Task details – Going down the data below, set down exactly the line with "b) = monom_eval" and each line after it through the line with "x) * (\<Prod>x\<in>?A."; no other lines.

Material for this task –
(* Let $G=(V,D)$ be a simple directed graph that is not complete, and let $J=J(\psi_G)$. Then for every node $i\in V$ there exists a set $S$ of $|D|+1$ columns of $J$ such that $S$ contains no column $K_{ij}$ with $j\in V$ (including $K_{ii}$), and $\mathrm{rank}(J_S)\ge|D|-|\mathrm{ch}(i)|+1$.
   Context: A directed graph $G=(V,D)$ has edge set $D\subseteq V\times V$ of ordered pairs $(i,j)$, $i\neq j$. It is simple if $(i,j)$ and $(j,i)$ are never both in $D$. It is complete if every pair of distinct nodes is adjacent. $\mathrm{ch}(i)$ is the set of children of $i$. $\Lambda$ is the $V\times V$ matrix with indeterminate entries $\lambda_{ij}$ for $(i,j)\in D$ and zeros elsewhere, and $s$ is a further indeterminate. Let $\psi_G(\Lambda,s)=s(I-\Lambda)(I-\Lambda)^T=K$. The transposed Jacobian $J(\psi_G)$ has rows indexed by $\{\lambda_{kl}:(k,l)\in D\}\cup\{s\}$ and columns indexed by $K_{ij}$ (with $K_{ij}=K_{ji}$), with entries $\partial K_{ij}/\partial\theta$. $J_S$ is the submatrix on the columns in $S$, and rank means rank over $\mathbb{R}(\lambda,s)$. *)

theory Defs
  imports "HOL-Library.Poly_Mapping" "HOL-Library.Option_ord" "HOL-Library.Product_Lexorder"
    "HOL-Computational_Algebra.Fraction_Field" "Jordan_Normal_Form.DL_Rank"
begin

type_synonym 'x rpoly = "('x \<Rightarrow>\<^sub>0 nat) \<Rightarrow>\<^sub>0 real"

definition pvar :: "'x \<Rightarrow> 'x rpoly" where
  "pvar x = Poly_Mapping.single (Poly_Mapping.single x 1) 1"

definition pconst :: "real \<Rightarrow> 'x rpoly" where
  "pconst c = Poly_Mapping.single 0 c"

definition pdiff :: "'x \<Rightarrow> 'x rpoly \<Rightarrow> 'x rpoly" where
  "pdiff x p = (\<Sum>(m :: 'x \<Rightarrow>\<^sub>0 nat)\<in>Poly_Mapping.keys p.
      Poly_Mapping.single (m - Poly_Mapping.single x 1) (real (Poly_Mapping.lookup m x) * Poly_Mapping.lookup p m))"

(* Indeterminates of the parametrization: Some (k,l) is lambda_kl, None is s *)
type_synonym 'v param = "('v \<times> 'v) option"

definition simple_digraph :: "'v set \<Rightarrow> ('v \<times> 'v) set \<Rightarrow> bool" where
  "simple_digraph V D \<longleftrightarrow> finite V \<and> D \<subseteq> V \<times> V \<and> (\<forall>i. (i, i) \<notin> D)
      \<and> (\<forall>i j. (i, j) \<in> D \<longrightarrow> (j, i) \<notin> D)"

definition complete_digraph :: "'v set \<Rightarrow> ('v \<times> 'v) set \<Rightarrow> bool" where
  "complete_digraph V D \<longleftrightarrow> (\<forall>i\<in>V. \<forall>j\<in>V. i \<noteq> j \<longrightarrow> (i, j) \<in> D \<or> (j, i) \<in> D)"

definition children :: "('v \<times> 'v) set \<Rightarrow> 'v \<Rightarrow> 'v set" where
  "children D i = {j. (i, j) \<in> D}"

definition Lam :: "('v \<times> 'v) set \<Rightarrow> 'v \<Rightarrow> 'v \<Rightarrow> 'v param rpoly" where
  "Lam D i j = (if (i, j) \<in> D then pvar (Some (i, j)) else 0)"

definition IminusLam :: "('v \<times> 'v) set \<Rightarrow> 'v \<Rightarrow> 'v \<Rightarrow> 'v param rpoly" where
  "IminusLam D i j = (if i = j then 1 else 0) - Lam D i j"

(* entries of K = psi_G(Lambda, s) = s (I - Lambda)(I - Lambda)^T *)
definition Kmat :: "'v set \<Rightarrow> ('v \<times> 'v) set \<Rightarrow> 'v \<Rightarrow> 'v \<Rightarrow> 'v param rpoly" where
  "Kmat V D i j = pvar None * (\<Sum>k\<in>V. IminusLam D i k * IminusLam D j k)"

(* row index set of the transposed Jacobian: {lambda_kl : (k,l) in D} \<union> {s} *)
definition params :: "('v \<times> 'v) set \<Rightarrow> 'v param set" where
  "params D = Some ` D \<union> {None}"

(* column index set: entries K_ij of the symmetric matrix K, K_ij = K_ji,
   represented by pairs (i,j) with i \<le> j (including the diagonal) *)
definition Kcols :: "('v::linorder) set \<Rightarrow> ('v \<times> 'v) set" where
  "Kcols V = {(i, j). i \<in> V \<and> j \<in> V \<and> i \<le> j}"

(* Rows and columns are enumerated in increasing order (irrelevant for the rank). *)
definition JS :: "('v::linorder) set \<Rightarrow> ('v \<times> 'v) set \<Rightarrow> ('v \<times> 'v) set
                   \<Rightarrow> 'v param rpoly fract mat" where
  "JS V D S = (let rs = sorted_list_of_set (params D); cs = sorted_list_of_set S in
     mat (length rs) (length cs)
       (\<lambda>(a, b). Fract (pdiff (rs ! a) (Kmat V D (fst (cs ! b)) (snd (cs ! b)))) 1))"

definition rankJS :: "('v::linorder) set \<Rightarrow> ('v \<times> 'v) set \<Rightarrow> ('v \<times> 'v) set \<Rightarrow> nat" where
  "rankJS V D S = vec_space.rank (card (params D)) (JS V D S)"

end

theory Submission
  imports Defs "Jordan_Normal_Form.DL_Rank_Submatrix"
begin

text \<open>Specialise the parameters to the point \<open>s = 1\<close>, \<open>\<lambda>\<^sub>k\<^sub>l = [l = i]\<close>. Pair each arc \<open>(k, l)\<close>
  with \<open>k \<noteq> i\<close> with a column avoiding \<open>i\<close>: \<open>K\<^sub>k\<^sub>l\<close> if \<open>l \<noteq> i\<close>, and \<open>K\<^sub>k\<^sub>k\<close> if \<open>l = i\<close>; add the row
  of \<open>s\<close> and one extra column \<open>K\<^sub>a\<^sub>b\<close> avoiding \<open>i\<close>, where either \<open>a = b\<close> is not a parent of \<open>i\<close>,
  or, if every other node is a parent of \<open>i\<close>, \<open>a, b\<close> are non-adjacent (\<open>G\<close> is not complete).
  At the chosen point the resulting square minor of size \<open>|D| - |ch(i)| + 1\<close> has trivial kernel:
  a row \<open>\<lambda>\<^sub>k\<^sub>l\<close> with \<open>l \<noteq> i\<close> only sees its own column, a row \<open>\<lambda>\<^sub>k\<^sub>i\<close> gives
  \<open>2 w\<^sub>k\<^sub>k + \<alpha>\<^sub>k w\<^sub>0 = 0\<close>, and summing these against the row of \<open>s\<close> leaves
  \<open>([a = b] - [a and b are parents of i]) w\<^sub>0 = 0\<close>. A minor that is nonsingular at a point is
  nonsingular over \<open>\<real>(\<lambda>, s)\<close>. Finally, \<open>|D|\<close> is smaller than the number of unordered pairs of
  nodes, which inject into the columns avoiding \<open>i\<close>, so the columns can be padded to \<open>|D| + 1\<close>.\<close>

section \<open>Evaluating polynomials and their derivatives at a point\<close>

definition coeff_sum :: "(('x \<Rightarrow>\<^sub>0 nat) \<Rightarrow> real) \<Rightarrow> 'x rpoly \<Rightarrow> real" where
  "coeff_sum \<phi> p = (\<Sum>m\<in>Poly_Mapping.keys p. Poly_Mapping.lookup p m * \<phi> m)"

lemma coeff_sum_superset:
  assumes "finite A" "Poly_Mapping.keys p \<subseteq> A"
  shows "coeff_sum \<phi> p = (\<Sum>m\<in>A. Poly_Mapping.lookup p m * \<phi> m)"
  unfolding coeff_sum_def
  by (rule sum.mono_neutral_left) (use assms in \<open>auto simp: in_keys_iff\<close>)

lemma coeff_sum_add: "coeff_sum \<phi> (p + q) = coeff_sum \<phi> p + coeff_sum \<phi> q"
proof -
  let ?A = "Poly_Mapping.keys p \<union> Poly_Mapping.keys q"
  have "coeff_sum \<phi> (p + q) = (\<Sum>m\<in>?A. Poly_Mapping.lookup (p + q) m * \<phi> m)"
    using keys_add[of p q] by (intro coeff_sum_superset) auto
  also have "\<dots> = (\<Sum>m\<in>?A. Poly_Mapping.lookup p m * \<phi> m) + (\<Sum>m\<in>?A. Poly_Mapping.lookup q m * \<phi> m)"
    by (simp add: lookup_add distrib_right sum.distrib)
  also have "\<dots> = coeff_sum \<phi> p + coeff_sum \<phi> q"
    by (subst (1 2) coeff_sum_superset[of ?A]) auto
  finally show ?thesis .
qed

interpretation coeff_sum: ab_group_add_hom "coeff_sum \<phi>"
  by unfold_locales (simp_all add: coeff_sum_add coeff_sum_def[of _ 0])

lemma coeff_sum_single: "coeff_sum \<phi> (Poly_Mapping.single m c) = c * \<phi> m"
  by (simp add: coeff_sum_def)

lemma sum_single_lookup: "(\<Sum>a\<in>Poly_Mapping.keys p. Poly_Mapping.single a (Poly_Mapping.lookup p a)) = p"
proof (rule poly_mapping_eqI)
  fix k
  show "Poly_Mapping.lookup (\<Sum>a\<in>Poly_Mapping.keys p. Poly_Mapping.single a (Poly_Mapping.lookup p a)) k
      = Poly_Mapping.lookup p k"
    by (simp add: lookup_sum lookup_single when_def in_keys_iff)
qed

lemma coeff_sum_mult:
  "coeff_sum \<phi> (p * q) = (\<Sum>a\<in>Poly_Mapping.keys p. \<Sum>b\<in>Poly_Mapping.keys q.
     Poly_Mapping.lookup p a * Poly_Mapping.lookup q b * \<phi> (a + b))"
proof -
  have "p * q = (\<Sum>a\<in>Poly_Mapping.keys p. \<Sum>b\<in>Poly_Mapping.keys q.
      Poly_Mapping.single (a + b) (Poly_Mapping.lookup p a * Poly_Mapping.lookup q b))"
    by (subst (1 2) sum_single_lookup[symmetric])
      (simp only: sum_distrib_left sum_distrib_right mult_single sum.swap[where A = "Poly_Mapping.keys q"])
  then show ?thesis by (simp add: coeff_sum.hom_sum coeff_sum_single)
qed

definition monom_eval :: "('x \<Rightarrow> real) \<Rightarrow> ('x \<Rightarrow>\<^sub>0 nat) \<Rightarrow> real" where
  "monom_eval f m = (\<Prod>x\<in>Poly_Mapping.keys m. f x ^ Poly_Mapping.lookup m x)"

lemma monom_eval_superset:
  assumes "finite A" "Poly_Mapping.keys m \<subseteq> A"
  shows "monom_eval f m = (\<Prod>x\<in>A. f x ^ Poly_Mapping.lookup m x)"
  unfolding monom_eval_def
  by (rule prod.mono_neutral_left) (use assms in \<open>auto simp: in_keys_iff\<close>)

lemma monom_eval_add: "monom_eval f (a + b) = monom_eval f a * monom_eval f b"
proof -
  let ?A = "Poly_Mapping.keys a \<union> Poly_Mapping.keys b"
  have "monom_eval f (a + b) = (\<Prod>x\<in>?A. f x ^ Poly_Mapping.lookup (a + b) x)"
    using keys_add[of a b] by (intro monom_eval_superset) auto
  also have "\<dots> = (\<Prod>x\<in>?A. f x ^ Poly_Mapping.lookup a x) * (\<Prod>x\<in>?A. f x ^ Poly_Mapping.lookup b x)"
    by (simp add: lookup_add power_add prod.distrib)
  also have "\<dots> = monom_eval f a * monom_eval f b"
    by (subst (1 2) monom_eval_superset[of ?A]) auto
  finally show ?thesis .
qed

definition peval :: "('x \<Rightarrow> real) \<Rightarrow> 'x rpoly \<Rightarrow> real" where
  "peval f = coeff_sum (monom_eval f)"

lemma peval_mult: "peval f (p * q) = peval f p * peval f q"
  unfolding peval_def coeff_sum_mult monom_eval_add
  by (simp add: coeff_sum_def sum_product mult_ac)

interpretation peval: comm_ring_hom "peval f"
proof
  show "peval f (p + q) = peval f p + peval f q" for p q
    by (simp add: peval_def coeff_sum.hom_add)
  show "peval f 1 = 1"
    by (simp add: peval_def coeff_sum_def monom_eval_def)
  show "peval f (p * q) = peval f p * peval f q" for p q
    by (rule peval_mult)
qed (simp add: peval_def)

lemma peval_pvar: "peval f (pvar y) = f y"
  by (simp add: peval_def pvar_def coeff_sum_single monom_eval_def)

text \<open>Derivatives are evaluated monomial by monomial, where the Leibniz rule is easy to check;
  \<open>peval_pdiff\<close> relates this to \<^const>\<open>pdiff\<close>.\<close>

definition monom_deriv_eval :: "('x \<Rightarrow> real) \<Rightarrow> 'x \<Rightarrow> ('x \<Rightarrow>\<^sub>0 nat) \<Rightarrow> real" where
  "monom_deriv_eval f x m = real (Poly_Mapping.lookup m x) * monom_eval f (m - Poly_Mapping.single x 1)"

definition deriv_eval :: "('x \<Rightarrow> real) \<Rightarrow> 'x \<Rightarrow> 'x rpoly \<Rightarrow> real" where
  "deriv_eval f x = coeff_sum (monom_deriv_eval f x)"

lemma peval_pdiff: "peval f (pdiff x p) = deriv_eval f x p"
  by (simp add: pdiff_def peval_def deriv_eval_def coeff_sum.hom_sum coeff_sum_single
      coeff_sum_def[of "monom_deriv_eval f x"] monom_deriv_eval_def mult_ac)

lemma monom_deriv_eval_add:
  "monom_deriv_eval f x (a + b) = monom_deriv_eval f x a * monom_eval f b + monom_eval f a * monom_deriv_eval f x b"
proof -
  let ?e = "Poly_Mapping.single x (1::nat)"
  have shift_left: "real (Poly_Mapping.lookup a x) * monom_eval f (a + b - ?e) = monom_deriv_eval f x a * monom_eval f b"
  proof (cases "Poly_Mapping.lookup a x = 0")
    case False
    then have "a + b - ?e = (a - ?e) + b"
      by (intro poly_mapping_eqI) (auto simp: lookup_add lookup_minus lookup_single when_def)
    then show ?thesis by (simp add: monom_deriv_eval_def monom_eval_add)
  qed (simp add: monom_deriv_eval_def)
  have shift_right: "real (Poly_Mapping.lookup b x) * monom_eval f (a + b - ?e) = monom_eval f a * monom_deriv_eval f x b"
  proof (cases "Poly_Mapping.lookup b x = 0")
    case False
    then have "a + b - ?e = a + (b - ?e)"
      by (intro poly_mapping_eqI) (auto simp: lookup_add lookup_minus lookup_single when_def)
    then show ?thesis by (simp add: monom_deriv_eval_def monom_eval_add)
  qed (simp add: monom_deriv_eval_def)
  have "monom_deriv_eval f x (a + b) = real (Poly_Mapping.lookup a x) * monom_eval f (a + b - ?e)
      + real (Poly_Mapping.lookup b x) * monom_eval f (a + b - ?e)"
    by (simp add: monom_deriv_eval_def lookup_add distrib_right)
  with shift_left shift_right show ?thesis by simp
qed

Problem solution –
lemma monom_eval_add: "monom_eval f (a + b) = monom_eval f a * monom_eval f b"
proof -
  let ?A = "Poly_Mapping.keys a \<union> Poly_Mapping.keys b"
  have "monom_eval f (a + b) = (\<Prod>x\<in>?A. f x ^ Poly_Mapping.lookup (a + b) x)"
    using keys_add[of a b] by (intro monom_eval_superset) auto
  also have "\<dots> = (\<Prod>x\<in>?A. f x ^ Poly_Mapping.lookup a x) * (\<Prod>x\<in>?A. f x ^ Poly_Mapping.lookup b x)"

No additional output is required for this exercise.